lemma orth_proj_mult_pinv:
  assumes A: "A \<in> carrier_mat m n"
  shows "orth_proj (A * pinv A)"
proof -
  have X: "pinv A \<in> carrier_mat n m" using pinv_carrier[OF A] .
  have "A * pinv A * (A * pinv A) = A * pinv A * A * pinv A"
    by (rule assoc_mult_mat[OF mult_carrier_mat[OF A X] A X, symmetric])
  then show ?thesis using is_pinv_pinv[of A] by (simp add: orth_proj_def is_pinv_def mult_pinv_mult)
qed

lemma row_space_mult_pinv_mult:
  assumes A: "A \<in> carrier_mat m n" and Z: "Z \<in> carrier_mat r m"
  shows "Z * A * pinv A * A = Z * A"
proof -
  have X: "pinv A \<in> carrier_mat n m" using pinv_carrier[OF A] .
  have "Z * A * pinv A * A = Z * (A * pinv A * A)"
    using Z A X by (simp only: assoc_mult_mat[OF mult_carrier_mat[OF Z A] X A]
        assoc_mult_mat[OF Z A mult_carrier_mat[OF X A]] assoc_mult_mat[OF A X A])
  then show ?thesis by (simp only: mult_pinv_mult)
qed

section \<open>Frobenius norm estimates\<close>

lemma frob_sq_eq_sum_rows: "frob_sq M = (\<Sum>i<dim_row M. row M i \<bullet> row M i)"
  unfolding frob_sq_def scalar_prod_def by (simp add: power2_eq_square atLeast0LessThan)

lemma orth_proj_mult_vec_le:
  assumes P: "P \<in> carrier_mat m m" "orth_proj P" and z: "z \<in> carrier_vec m"
  shows "(P *\<^sub>v z) \<bullet> (P *\<^sub>v z) \<le> z \<bullet> z"
proof -
  define u where "u = P *\<^sub>v z"
  have u: "u \<in> carrier_vec m" using P z by (simp add: u_def)
  have "transpose_mat P *\<^sub>v u = u"
    using P z by (simp add: u_def orth_proj_def flip: assoc_mult_mat_vec)
  then have uu: "u \<bullet> u = u \<bullet> z"
    using transpose_vec_mult_scalar[OF P(1) z u] by (simp add: u_def)
  have "0 \<le> (z - u) \<bullet> (z - u)" by (rule self_scalar_prod_nonneg)
  also have "\<dots> = z \<bullet> z - u \<bullet> u"
    using z u uu comm_scalar_prod[OF u z]
    by (simp add: minus_scalar_prod_distrib[of _ m] scalar_prod_minus_distrib[of _ m])
  finally show ?thesis by (simp add: u_def)
qed

lemma frob_sq_mult_orth_proj_le:
  assumes Z: "Z \<in> carrier_mat r m" and P: "P \<in> carrier_mat m m" "orth_proj P"
  shows "frob_sq (Z * P) \<le> frob_sq Z"
proof -
  have row_ZP: "row (Z * P) i = P *\<^sub>v row Z i" if "i < r" for i
  proof (rule eq_vecI)
    fix j assume "j < dim_vec (P *\<^sub>v row Z i)"
    then have j: "j < m" using P by simp
    have "col P j = row P j" using P j row_transpose[of j P] by (simp add: orth_proj_def)
    then show "row (Z * P) i $ j = (P *\<^sub>v row Z i) $ j"
      using Z P j that comm_scalar_prod[of "row Z i" m "row P j"] by simp
  qed (use Z P in simp)
  have "frob_sq (Z * P) = (\<Sum>i<r. row (Z * P) i \<bullet> row (Z * P) i)"
    using Z P by (simp add: frob_sq_eq_sum_rows del: row_mult)
  also have "\<dots> = (\<Sum>i<r. (P *\<^sub>v row Z i) \<bullet> (P *\<^sub>v row Z i))"
    by (intro sum.cong refl) (simp add: row_ZP del: row_mult)
  also have "\<dots> \<le> (\<Sum>i<r. row Z i \<bullet> row Z i)"
    using Z P by (intro sum_mono orth_proj_mult_vec_le) auto
  also have "\<dots> = frob_sq Z" using Z by (simp add: frob_sq_eq_sum_rows)
  finally show ?thesis .
qed

text \<open>Minimum-norm property: \<open>W * pinv A\<close> has the least Frobenius norm among all solutions
  \<open>Y\<close> of \<open>Y * A = W\<close>, here \<open>W = Z * A\<close>.\<close>
lemma frob_sq_mult_pinv_le:
  assumes A: "A \<in> carrier_mat m n" and Z: "Z \<in> carrier_mat r m"
  shows "frob_sq (Z * A * pinv A) \<le> frob_sq Z"
proof -
  have "Z * A * pinv A = Z * (A * pinv A)" using assoc_mult_mat[OF Z A pinv_carrier[OF A]] .
  then show ?thesis
    using frob_sq_mult_orth_proj_le[OF Z _ orth_proj_mult_pinv[OF A]] A pinv_carrier[OF A] by simp
qed

lemma frob_sq_mult_disjoint_support_le:
  assumes Z: "Z \<in> carrier_mat r k" and D: "D \<in> carrier_mat k k'"
    and disjoint: "\<And>t1 t2 t'. t1 < k \<Longrightarrow> t2 < k \<Longrightarrow> t' < k' \<Longrightarrow>
      D $$ (t1, t') \<noteq> 0 \<Longrightarrow> D $$ (t2, t') \<noteq> 0 \<Longrightarrow> t1 = t2"
    and rows_le: "\<And>t. t < k \<Longrightarrow> (\<Sum>t'<k'. (D $$ (t, t'))\<^sup>2) \<le> 1"
  shows "frob_sq (Z * D) \<le> frob_sq Z"
proof -
  have entry_sq: "((Z * D) $$ (i, t'))\<^sup>2 = (\<Sum>t<k. (Z $$ (i, t))\<^sup>2 * (D $$ (t, t'))\<^sup>2)"
    if i: "i < r" and t': "t' < k'" for i t'
  proof -
    have entry: "(Z * D) $$ (i, t') = (\<Sum>t<k. Z $$ (i, t) * D $$ (t, t'))"
      using Z D i t' by (simp add: scalar_prod_def atLeast0LessThan)
    show ?thesis
    proof (cases "\<exists>t0<k. D $$ (t0, t') \<noteq> 0")
      case True
      then obtain t0 where t0: "t0 < k" "D $$ (t0, t') \<noteq> 0" by blast
      then have zero: "D $$ (t, t') = 0" if "t < k" "t \<noteq> t0" for t
        using disjoint[OF that(1) t0(1) t'] that(2) by blast
      have "(\<Sum>t<k. Z $$ (i, t) * D $$ (t, t')) = Z $$ (i, t0) * D $$ (t0, t')"
        "(\<Sum>t<k. (Z $$ (i, t))\<^sup>2 * (D $$ (t, t'))\<^sup>2) = (Z $$ (i, t0))\<^sup>2 * (D $$ (t0, t'))\<^sup>2"
        using t0 zero by (subst sum.mono_neutral_right[of "{..<k}" "{t0}"]; auto)+
      then show ?thesis using entry by (simp add: power_mult_distrib)
    qed (use entry in simp)
  qed
  have "frob_sq (Z * D) = (\<Sum>i<r. \<Sum>t'<k'. ((Z * D) $$ (i, t'))\<^sup>2)"
    using Z D by (simp del: index_mult_mat add: frob_sq_def index_mult_mat(2,3))
  also have "\<dots> = (\<Sum>i<r. \<Sum>t'<k'. \<Sum>t<k. (Z $$ (i, t))\<^sup>2 * (D $$ (t, t'))\<^sup>2)"
    by (intro sum.cong refl) (simp add: entry_sq)
  also have "\<dots> = (\<Sum>i<r. \<Sum>t<k. (Z $$ (i, t))\<^sup>2 * (\<Sum>t'<k'. (D $$ (t, t'))\<^sup>2))"
    by (simp add: sum_distrib_left sum.swap[of _ "{..<k'}"])
  also have "\<dots> \<le> (\<Sum>i<r. \<Sum>t<k. (Z $$ (i, t))\<^sup>2)"
    by (intro sum_mono mult_left_le rows_le) auto
  also have "\<dots> = frob_sq Z" using Z by (simp add: frob_sq_def)
  finally show ?thesis .
qed

lemma frob_sq_mult_empty: "X \<in> carrier_mat 0 k \<Longrightarrow> frob_sq (W * X) = 0"
  by (simp add: frob_sq_def scalar_prod_def)

section \<open>The joint strategy of the waterfilling mechanism\<close>

lemma sum_nth_distinct: "distinct xs \<Longrightarrow> (\<Sum>t<length xs. g (xs ! t)) = (\<Sum>x\<in>set xs. g x)"
  using sum.reindex_bij_betw[OF bij_betw_nth[OF _ refl refl], of xs g] by (simp add: atLeast0LessThan)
┄┄┄┄┄┄┄┄┄┄┄┄┄┄┄┄┄┄┄┄
> _Exercise description_: Give again exactly, and only, the lines above starting at the one with "P *\<^sub>v u" and ending at the one with "using P by simp".

> _The completed task_:
  have "transpose_mat P *\<^sub>v u = u"
    using P z by (simp add: u_def orth_proj_def flip: assoc_mult_mat_vec)
  then have uu: "u \<bullet> u = u \<bullet> z"
    using transpose_vec_mult_scalar[OF P(1) z u] by (simp add: u_def)
  have "0 \<le> (z - u) \<bullet> (z - u)" by (rule self_scalar_prod_nonneg)
  also have "\<dots> = z \<bullet> z - u \<bullet> u"
    using z u uu comm_scalar_prod[OF u z]
    by (simp add: minus_scalar_prod_distrib[of _ m] scalar_prod_minus_distrib[of _ m])
  finally show ?thesis by (simp add: u_def)
qed

lemma frob_sq_mult_orth_proj_le:
  assumes Z: "Z \<in> carrier_mat r m" and P: "P \<in> carrier_mat m m" "orth_proj P"
  shows "frob_sq (Z * P) \<le> frob_sq Z"
proof -
  have row_ZP: "row (Z * P) i = P *\<^sub>v row Z i" if "i < r" for i
  proof (rule eq_vecI)
    fix j assume "j < dim_vec (P *\<^sub>v row Z i)"
    then have j: "j < m" using P by simp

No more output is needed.